Stored data entries
=====

lemma herm_moment_bracket:
  "h (moment_bracket x y z) w = h (moment Re x y *v z) w + \<i> * h (moment Im x y *v z) w"
  by (simp add: moment_bracket_def herm_add_left herm_scale_left)

lemma moment_bracket_unitarity: "h (moment_bracket v w x) y = h x (moment_bracket w v y)"
proof -
  have "h (moment_bracket v w x) y = - h x (moment Re v w *v y) - \<i> * h x (moment Im v w *v y)"
    using skew_wrtD[OF skew[OF moment_mem]] by (simp add: herm_moment_bracket linear_Re linear_Im)
  also have "\<dots> = h x (moment_bracket w v y)"
    by (simp add: moment_bracket_def moment_Re_swap[of w v] moment_Im_swap[of w v]
        neg_matrix_vector_mult herm_simps)
  finally show ?thesis .
qed

text \<open>Both sides are the complex bilinear extension of Bf evaluated at D(x,y) and D(v,w).\<close>
lemma moment_bracket_symmetry: "h (moment_bracket v w x) y = h (moment_bracket x y v) w"
  using form_sym[of "moment f x y" "moment g v w" for f g]
  by (simp add: herm_moment_bracket herm_eq_moments moment_mem linear_Re linear_Im complex_eq_iff)

lemma moment_bracket_derivation:
  assumes X: "X \<in> G"
  shows "X *v moment_bracket v w z
    = moment_bracket v w (X *v z) + moment_bracket (X *v v) w z + moment_bracket v (X *v w) z"
proof -
  have swap: "X *v (M *v z) = M *v (X *v z) + commutator X M *v z" for M
    by (simp add: commutator_vector_mult)
  show ?thesis
    by (simp add: moment_bracket_def vec.add vec.scale swap commutator_moment[OF _ X]
        linear_Re linear_Im vec_eq_iff algebra_simps)
qed

text \<open>Every element of G acts as a derivation of the bracket, and the bracket with x, y is the
  action of D(x,y).\<close>
lemma moment_bracket_fundamental_identity:
  "moment_bracket x y (moment_bracket v w z) = moment_bracket (moment_bracket x y v) w z
    - moment_bracket v (moment_bracket y x w) z + moment_bracket v w (moment_bracket x y z)"
proof -
  let ?A = "moment Re x y" and ?C = "moment Im x y"
  have A: "?A \<in> G" and C: "?C \<in> G"
    by (simp_all add: moment_mem linear_Re linear_Im)
  have L: "moment_bracket x y (moment_bracket v w z)
      = (moment_bracket v w (?A *v z) + moment_bracket (?A *v v) w z + moment_bracket v (?A *v w) z)
        + \<i> *s (moment_bracket v w (?C *v z) + moment_bracket (?C *v v) w z
          + moment_bracket v (?C *v w) z)"
    by (simp only: moment_bracket_def[of x y] moment_bracket_derivation[OF A]
        moment_bracket_derivation[OF C])
  have "moment_bracket y x w = \<i> *s (?C *v w) - ?A *v w"
    by (simp add: moment_bracket_def moment_Re_swap[of y x] moment_Im_swap[of y x]
        neg_matrix_vector_mult)
  then have R2: "moment_bracket v (moment_bracket y x w) z
      = - \<i> *s moment_bracket v (?C *v w) z - moment_bracket v (?A *v w) z"
    using moment_bracket_add_middle[of v "\<i> *s (?C *v w)" "- (?A *v w)" z]
      moment_bracket_scale_middle[of v _ _ z] moment_bracket_scale_middle[of v "-1" "?A *v w" z]
    by simp
  have R1: "moment_bracket (moment_bracket x y v) w z
      = moment_bracket (?A *v v) w z + \<i> *s moment_bracket (?C *v v) w z"
    by (simp add: moment_bracket_def[of x y v] moment_bracket_add_left moment_bracket_scale_left)
  have R3: "moment_bracket v w (moment_bracket x y z)
      = moment_bracket v w (?A *v z) + \<i> *s moment_bracket v w (?C *v z)"
    by (simp add: moment_bracket_def[of x y z] moment_bracket_add_right moment_bracket_scale_right)
  show ?thesis
    unfolding L R1 R2 R3 by (simp add: vec_eq_iff algebra_simps)
qed

lemma unitary_leibniz_moment_bracket: "unitary_leibniz h moment_bracket"
  by (unfold_locales; (rule moment_bracket_add_left moment_bracket_scale_left moment_bracket_add_middle
        moment_bracket_scale_middle moment_bracket_add_right moment_bracket_scale_right
        moment_bracket_unitarity moment_bracket_symmetry moment_bracket_fundamental_identity)?)

end

section \<open>Isomorphisms\<close>

locale lie_pair_isometry = a: lie_pair h G Bf + b: lie_pair h' G' Bf'
  for h :: "'n::finite cvec \<Rightarrow> 'n cvec \<Rightarrow> complex" and G Bf
    and h' :: "'n cvec \<Rightarrow> 'n cvec \<Rightarrow> complex" and G' Bf' +
  fixes P :: "'n cmat"
  assumes invertible: "invertible P"
    and isometry: "h' (P *v u) (P *v v) = h u v"
begin

abbreviation transport :: "'n cmat \<Rightarrow> 'n cmat" where
  "transport X \<equiv> P ** X ** matrix_inv P"

definition transports_moments :: bool where
  "transports_moments \<longleftrightarrow>
    (\<forall>f u v. (f = Re \<or> f = Im) \<longrightarrow> b.moment f (P *v u) (P *v v) = transport (a.moment f u v))"

lemma transport_vector_mult: "transport X *v (P *v w) = P *v (X *v w)"
  by (rule conjugate_matrix_vector_mult[OF invertible])

lemma vector_mult_matrix_inv: "P *v (matrix_inv P *v w) = w"
  by (rule matrix_inv_vector_mult_cancel[OF invertible])

lemma skew_wrt_transport: "skew_wrt h X \<Longrightarrow> skew_wrt h' (transport X)"
  unfolding skew_wrt_def
  by (metis vector_mult_matrix_inv transport_vector_mult isometry)

lemma pair_iso_imp_transports_moments:
  assumes "pair_iso P h G Bf h' G' Bf'"
  shows transports_moments
proof -
  have G': "G' = transport ` G"
    and Bf': "\<And>X Y. X \<in> G \<Longrightarrow> Y \<in> G \<Longrightarrow> Bf' (transport X) (transport Y) = Bf X Y"
    using assms unfolding pair_iso_def by auto
  have "b.moment f (P *v u) (P *v v) = transport (a.moment f u v)" if f: "linear f" for f u v
  proof (rule b.moment_eqI)
    show "transport (a.moment f u v) \<in> G'"
      using G' a.moment_mem[OF f] by blast
    fix X' assume "X' \<in> G'"
    then obtain X where "X \<in> G" "X' = transport X"
      using G' by blast
    then show "Bf' (transport (a.moment f u v)) X' = f (h' (X' *v (P *v u)) (P *v v))"
      by (simp add: Bf' a.moment_mem a.moment_form f transport_vector_mult isometry)
  qed
  then show ?thesis
    unfolding transports_moments_def using linear_Re_Im by blast
qed

context
  assumes transports: transports_moments
begin

lemma moment_transport:
  "f = Re \<or> f = Im \<Longrightarrow> b.moment f (P *v u) (P *v v) = transport (a.moment f u v)"
  using transports unfolding transports_moments_def by blast

lemma transport_moments: "transport ` a.moments = b.moments"
proof
  show "transport ` a.moments \<subseteq> b.moments"
  proof
    fix M assume "M \<in> transport ` a.moments"
    then obtain f u v where f: "f = Re \<or> f = Im" and M: "M = transport (a.moment f u v)"
      unfolding a.moments_def by blast
    then have "M = b.moment f (P *v u) (P *v v)"
      using moment_transport[OF f] by simp
    then show "M \<in> b.moments"
      unfolding b.moments_def using f by blast
  qed
  show "b.moments \<subseteq> transport ` a.moments"
  proof
    fix M assume "M \<in> b.moments"
    then obtain f u v where f: "f = Re \<or> f = Im" and M: "M = b.moment f u v"
      unfolding b.moments_def by blast
    then have "M = transport (a.moment f (matrix_inv P *v u) (matrix_inv P *v v))"
      using moment_transport[OF f, of "matrix_inv P *v u" "matrix_inv P *v v"]
      by (simp add: vector_mult_matrix_inv)
    then show "M \<in> transport ` a.moments"
      unfolding a.moments_def using f by blast
  qed
qed

lemma image_transport: "G' = transport ` G"
proof -
  have "G' = span (transport ` a.moments)"
    by (simp add: transport_moments b.span_moments)
  also have "\<dots> = transport ` G"
    by (simp add: span_linear_image[OF linear_matrix_sandwich] a.span_moments)
  finally show ?thesis .
qed

lemma form_transport:
  assumes X: "X \<in> G" and Y: "Y \<in> G"
  shows "Bf' (transport X) (transport Y) = Bf X Y"
proof -
  have transport_mem: "Z \<in> G \<Longrightarrow> transport Z \<in> G'" for Z
    using image_transport by blast
  have eq: "Bf X Z = Bf' (transport X) (transport Z)" if "Z \<in> a.moments" for Z
  proof -
    obtain f u v where f: "f = Re \<or> f = Im" and Z: "Z = a.moment f u v"
      using \<open>Z \<in> a.moments\<close> unfolding a.moments_def by blast
    have "Bf' (transport X) (transport Z) = Bf' (b.moment f (P *v u) (P *v v)) (transport X)"
      using b.form_sym[OF transport_mem[OF X] transport_mem[OF a.moment_mem[OF linear_Re_Im[OF f]]]]
      by (simp add: Z moment_transport[OF f])
    also have "\<dots> = Bf X Z"
      using a.form_sym[OF X] a.moment_mem[OF linear_Re_Im[OF f]]
      by (simp add: Z X transport_mem b.moment_form a.moment_form linear_Re_Im[OF f]
          transport_vector_mult isometry)
    finally show ?thesis by simp
  qed
  have add: "Bf' (transport X) (transport (Z + Z')) = Bf' (transport X) (transport Z)
      + Bf' (transport X) (transport Z')" if "Z \<in> G" "Z' \<in> G" for Z Z'
    using b.form_add_right[OF transport_mem[OF X] transport_mem[OF \<open>Z \<in> G\<close>]
        transport_mem[OF \<open>Z' \<in> G\<close>]]
    by (simp add: linear_add[OF linear_matrix_sandwich])
  have scale: "Bf' (transport X) (transport (r *\<^sub>R Z)) = r * Bf' (transport X) (transport Z)"
    if "Z \<in> G" for r Z
    using b.form_scale_right[OF transport_mem[OF X] transport_mem[OF \<open>Z \<in> G\<close>]]
    by (simp add: linear_scale[OF linear_matrix_sandwich])
  have "a.moments \<subseteq> G" and "Y \<in> span a.moments"
    using a.span_moments Y span_superset by auto
  then show ?thesis
    using a.form_eq_on_span[OF _ X eq add scale] by simp
qed

end

lemma pair_iso_iff_transports_moments: "pair_iso P h G Bf h' G' Bf' \<longleftrightarrow> transports_moments"
proof
  assume transports_moments
  then show "pair_iso P h G Bf h' G' Bf'"
    unfolding pair_iso_def using invertible isometry image_transport form_transport by blast
qed (rule pair_iso_imp_transports_moments)

lemma leibniz_iso_iff_transports_moments:
  "leibniz_iso P h a.moment_bracket h' b.moment_bracket \<longleftrightarrow> transports_moments"
proof
  assume transports_moments
  then have "P *v a.moment_bracket u v w = b.moment_bracket (P *v u) (P *v v) (P *v w)" for u v w
    by (simp add: a.moment_bracket_def b.moment_bracket_def moment_transport transport_vector_mult
        vec.add vec.scale)
  then show "leibniz_iso P h a.moment_bracket h' b.moment_bracket"
    unfolding leibniz_iso_def using invertible isometry by blast
next
  assume "leibniz_iso P h a.moment_bracket h' b.moment_bracket"
  then have bracket: "P *v a.moment_bracket u v w = b.moment_bracket (P *v u) (P *v v) (P *v w)"
    for u v w
    unfolding leibniz_iso_def by blast
  have "b.moment f (P *v u) (P *v v) = transport (a.moment f u v)" if f: "f = Re \<or> f = Im" for f u v
  proof -
    define D where "D f = b.moment f (P *v u) (P *v v) - transport (a.moment f u v)" for f
    have skew_D: "skew_wrt h' (D f)" if "f = Re \<or> f = Im" for f
      unfolding D_def using linear_Re_Im[OF that]
      by (intro b.skew_wrt_diff b.skew b.moment_mem skew_wrt_transport a.skew a.moment_mem)
    have "D Re *v w + \<i> *s (D Im *v w) = 0" for w
    proof -
      have "b.moment_bracket (P *v u) (P *v v) w = P *v a.moment_bracket u v (matrix_inv P *v w)"
        using bracket[of u v "matrix_inv P *v w"] by (simp add: vector_mult_matrix_inv)
      also have "\<dots> = transport (a.moment Re u v) *v w + \<i> *s (transport (a.moment Im u v) *v w)"
        using transport_vector_mult[of "a.moment f u v" "matrix_inv P *v w" for f]
        by (simp add: a.moment_bracket_def vec.add vec.scale vector_mult_matrix_inv)
      finally show ?thesis
        by (simp add: D_def b.moment_bracket_def vec_eq_iff algebra_simps)
    qed
    then have "D Re = 0 \<and> D Im = 0"
      using b.skew_wrt_complex_combination_eq_0 skew_D by blast
    then show ?thesis
      using f unfolding D_def by auto
  qed
  then show transports_moments
    unfolding transports_moments_def by blast
qed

=====

> **Task to carry out**
Show all lines in the entries above where the word "subseteq" appears.

> **Response to this task**
  show "transport ` a.moments \<subseteq> b.moments"
  show "b.moments \<subseteq> transport ` a.moments"
  have "a.moments \<subseteq> G" and "Y \<in> span a.moments"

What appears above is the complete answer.